> [Work required] Your task is to reproduce exactly the lines that run from the beginning of the data through the line where "M) * (\<Prod>a<k+l." appears.

> [Material for the task]
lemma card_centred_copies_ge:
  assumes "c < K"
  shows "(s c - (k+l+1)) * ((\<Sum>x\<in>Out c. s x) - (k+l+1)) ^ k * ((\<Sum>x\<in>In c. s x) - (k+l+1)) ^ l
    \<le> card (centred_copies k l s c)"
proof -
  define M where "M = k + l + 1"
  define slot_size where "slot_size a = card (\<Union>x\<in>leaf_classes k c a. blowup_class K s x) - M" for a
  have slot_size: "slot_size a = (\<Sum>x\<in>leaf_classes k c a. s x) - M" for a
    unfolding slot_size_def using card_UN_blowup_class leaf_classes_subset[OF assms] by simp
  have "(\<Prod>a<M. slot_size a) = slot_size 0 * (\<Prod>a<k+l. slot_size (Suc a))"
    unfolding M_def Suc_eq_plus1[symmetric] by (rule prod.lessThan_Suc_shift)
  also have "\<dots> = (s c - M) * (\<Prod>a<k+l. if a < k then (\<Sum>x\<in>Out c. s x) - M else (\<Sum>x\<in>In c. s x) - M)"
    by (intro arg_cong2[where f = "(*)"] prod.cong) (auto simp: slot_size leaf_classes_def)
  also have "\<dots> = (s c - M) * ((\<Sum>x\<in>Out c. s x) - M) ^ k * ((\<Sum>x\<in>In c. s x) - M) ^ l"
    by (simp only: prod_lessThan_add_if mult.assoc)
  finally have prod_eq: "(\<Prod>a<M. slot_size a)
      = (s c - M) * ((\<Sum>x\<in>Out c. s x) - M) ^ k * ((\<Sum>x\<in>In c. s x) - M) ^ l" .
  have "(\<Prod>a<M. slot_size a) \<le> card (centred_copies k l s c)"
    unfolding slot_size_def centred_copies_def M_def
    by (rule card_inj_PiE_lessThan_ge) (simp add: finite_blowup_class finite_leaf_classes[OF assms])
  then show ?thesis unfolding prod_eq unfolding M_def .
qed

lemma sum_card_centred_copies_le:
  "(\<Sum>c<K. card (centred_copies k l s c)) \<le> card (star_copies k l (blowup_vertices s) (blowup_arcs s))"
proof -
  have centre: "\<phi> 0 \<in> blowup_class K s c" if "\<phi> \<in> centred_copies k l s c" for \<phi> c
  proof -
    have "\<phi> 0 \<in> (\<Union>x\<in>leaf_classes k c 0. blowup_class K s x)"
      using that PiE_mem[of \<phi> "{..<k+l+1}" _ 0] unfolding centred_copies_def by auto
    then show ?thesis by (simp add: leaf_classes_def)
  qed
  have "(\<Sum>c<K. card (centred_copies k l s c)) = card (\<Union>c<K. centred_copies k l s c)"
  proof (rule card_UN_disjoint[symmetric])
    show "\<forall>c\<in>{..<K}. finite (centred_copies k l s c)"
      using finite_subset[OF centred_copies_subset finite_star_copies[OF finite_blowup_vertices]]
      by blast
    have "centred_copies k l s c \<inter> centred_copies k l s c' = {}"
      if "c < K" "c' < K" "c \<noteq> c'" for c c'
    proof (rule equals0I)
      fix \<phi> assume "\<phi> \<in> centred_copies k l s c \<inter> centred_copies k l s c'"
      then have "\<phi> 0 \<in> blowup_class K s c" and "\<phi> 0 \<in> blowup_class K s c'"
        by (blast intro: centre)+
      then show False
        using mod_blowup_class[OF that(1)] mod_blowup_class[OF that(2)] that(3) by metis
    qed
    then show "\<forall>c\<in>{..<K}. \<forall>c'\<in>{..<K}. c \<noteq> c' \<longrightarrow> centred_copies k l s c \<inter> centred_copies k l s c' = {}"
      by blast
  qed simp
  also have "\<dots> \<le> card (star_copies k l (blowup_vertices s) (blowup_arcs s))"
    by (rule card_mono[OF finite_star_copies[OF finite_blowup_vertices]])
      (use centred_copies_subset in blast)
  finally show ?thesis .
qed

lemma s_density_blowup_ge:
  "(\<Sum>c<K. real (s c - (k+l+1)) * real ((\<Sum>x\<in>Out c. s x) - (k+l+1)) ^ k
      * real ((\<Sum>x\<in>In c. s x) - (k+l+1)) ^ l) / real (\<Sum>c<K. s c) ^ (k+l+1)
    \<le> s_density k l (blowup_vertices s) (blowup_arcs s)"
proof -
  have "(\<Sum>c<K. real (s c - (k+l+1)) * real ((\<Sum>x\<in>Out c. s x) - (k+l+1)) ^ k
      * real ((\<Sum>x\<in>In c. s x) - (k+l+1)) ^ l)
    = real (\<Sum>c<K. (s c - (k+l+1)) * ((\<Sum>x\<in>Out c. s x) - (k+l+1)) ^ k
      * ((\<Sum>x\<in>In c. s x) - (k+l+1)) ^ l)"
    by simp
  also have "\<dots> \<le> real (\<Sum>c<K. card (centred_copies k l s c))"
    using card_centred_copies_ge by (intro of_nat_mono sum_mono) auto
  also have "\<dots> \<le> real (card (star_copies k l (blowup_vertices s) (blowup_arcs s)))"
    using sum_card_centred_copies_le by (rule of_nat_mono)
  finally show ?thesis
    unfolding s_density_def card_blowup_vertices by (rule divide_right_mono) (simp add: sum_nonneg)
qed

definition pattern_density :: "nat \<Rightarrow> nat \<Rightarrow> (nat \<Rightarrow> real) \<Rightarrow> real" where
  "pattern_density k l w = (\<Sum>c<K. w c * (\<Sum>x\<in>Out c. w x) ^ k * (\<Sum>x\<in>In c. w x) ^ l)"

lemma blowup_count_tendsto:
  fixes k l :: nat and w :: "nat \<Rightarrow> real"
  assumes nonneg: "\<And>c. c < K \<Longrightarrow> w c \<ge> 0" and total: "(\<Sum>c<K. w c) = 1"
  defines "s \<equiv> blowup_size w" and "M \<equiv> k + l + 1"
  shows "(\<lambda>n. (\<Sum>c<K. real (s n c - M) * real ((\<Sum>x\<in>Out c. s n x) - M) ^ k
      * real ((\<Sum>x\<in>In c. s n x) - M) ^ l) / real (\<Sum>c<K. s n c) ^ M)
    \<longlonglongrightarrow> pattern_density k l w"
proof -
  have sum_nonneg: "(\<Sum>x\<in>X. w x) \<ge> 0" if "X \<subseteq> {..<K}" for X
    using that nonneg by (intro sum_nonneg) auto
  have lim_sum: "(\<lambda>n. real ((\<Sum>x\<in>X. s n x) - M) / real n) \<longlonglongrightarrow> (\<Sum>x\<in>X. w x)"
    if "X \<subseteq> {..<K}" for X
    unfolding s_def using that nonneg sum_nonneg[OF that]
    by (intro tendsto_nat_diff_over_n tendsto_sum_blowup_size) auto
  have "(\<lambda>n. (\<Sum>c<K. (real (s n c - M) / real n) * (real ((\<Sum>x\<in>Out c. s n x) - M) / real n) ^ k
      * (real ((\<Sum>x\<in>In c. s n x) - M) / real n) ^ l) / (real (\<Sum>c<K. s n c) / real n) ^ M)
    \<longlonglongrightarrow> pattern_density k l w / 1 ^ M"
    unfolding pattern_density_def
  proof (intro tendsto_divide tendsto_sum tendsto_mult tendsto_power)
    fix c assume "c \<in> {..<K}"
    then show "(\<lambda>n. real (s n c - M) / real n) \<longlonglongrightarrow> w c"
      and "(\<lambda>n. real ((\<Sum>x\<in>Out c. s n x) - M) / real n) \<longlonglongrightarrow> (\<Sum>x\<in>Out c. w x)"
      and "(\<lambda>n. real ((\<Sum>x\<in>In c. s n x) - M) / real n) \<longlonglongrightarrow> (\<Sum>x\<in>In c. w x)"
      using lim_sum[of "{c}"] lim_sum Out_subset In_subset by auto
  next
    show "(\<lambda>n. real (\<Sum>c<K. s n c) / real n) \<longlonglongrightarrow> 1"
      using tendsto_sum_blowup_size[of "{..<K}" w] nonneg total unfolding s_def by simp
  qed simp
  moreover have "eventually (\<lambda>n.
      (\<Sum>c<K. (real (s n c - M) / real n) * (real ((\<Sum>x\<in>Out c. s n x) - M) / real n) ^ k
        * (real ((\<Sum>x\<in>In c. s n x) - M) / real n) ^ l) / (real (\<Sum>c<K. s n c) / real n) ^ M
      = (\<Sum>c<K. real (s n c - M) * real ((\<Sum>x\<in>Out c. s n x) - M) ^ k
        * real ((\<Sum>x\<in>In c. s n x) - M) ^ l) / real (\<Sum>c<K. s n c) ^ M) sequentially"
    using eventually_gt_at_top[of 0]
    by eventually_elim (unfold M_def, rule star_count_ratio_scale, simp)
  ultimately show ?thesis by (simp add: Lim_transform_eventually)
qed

> [Task result]
lemma card_centred_copies_ge:
  assumes "c < K"
  shows "(s c - (k+l+1)) * ((\<Sum>x\<in>Out c. s x) - (k+l+1)) ^ k * ((\<Sum>x\<in>In c. s x) - (k+l+1)) ^ l
    \<le> card (centred_copies k l s c)"
proof -
  define M where "M = k + l + 1"
  define slot_size where "slot_size a = card (\<Union>x\<in>leaf_classes k c a. blowup_class K s x) - M" for a
  have slot_size: "slot_size a = (\<Sum>x\<in>leaf_classes k c a. s x) - M" for a
    unfolding slot_size_def using card_UN_blowup_class leaf_classes_subset[OF assms] by simp
  have "(\<Prod>a<M. slot_size a) = slot_size 0 * (\<Prod>a<k+l. slot_size (Suc a))"
    unfolding M_def Suc_eq_plus1[symmetric] by (rule prod.lessThan_Suc_shift)
  also have "\<dots> = (s c - M) * (\<Prod>a<k+l. if a < k then (\<Sum>x\<in>Out c. s x) - M else (\<Sum>x\<in>In c. s x) - M)"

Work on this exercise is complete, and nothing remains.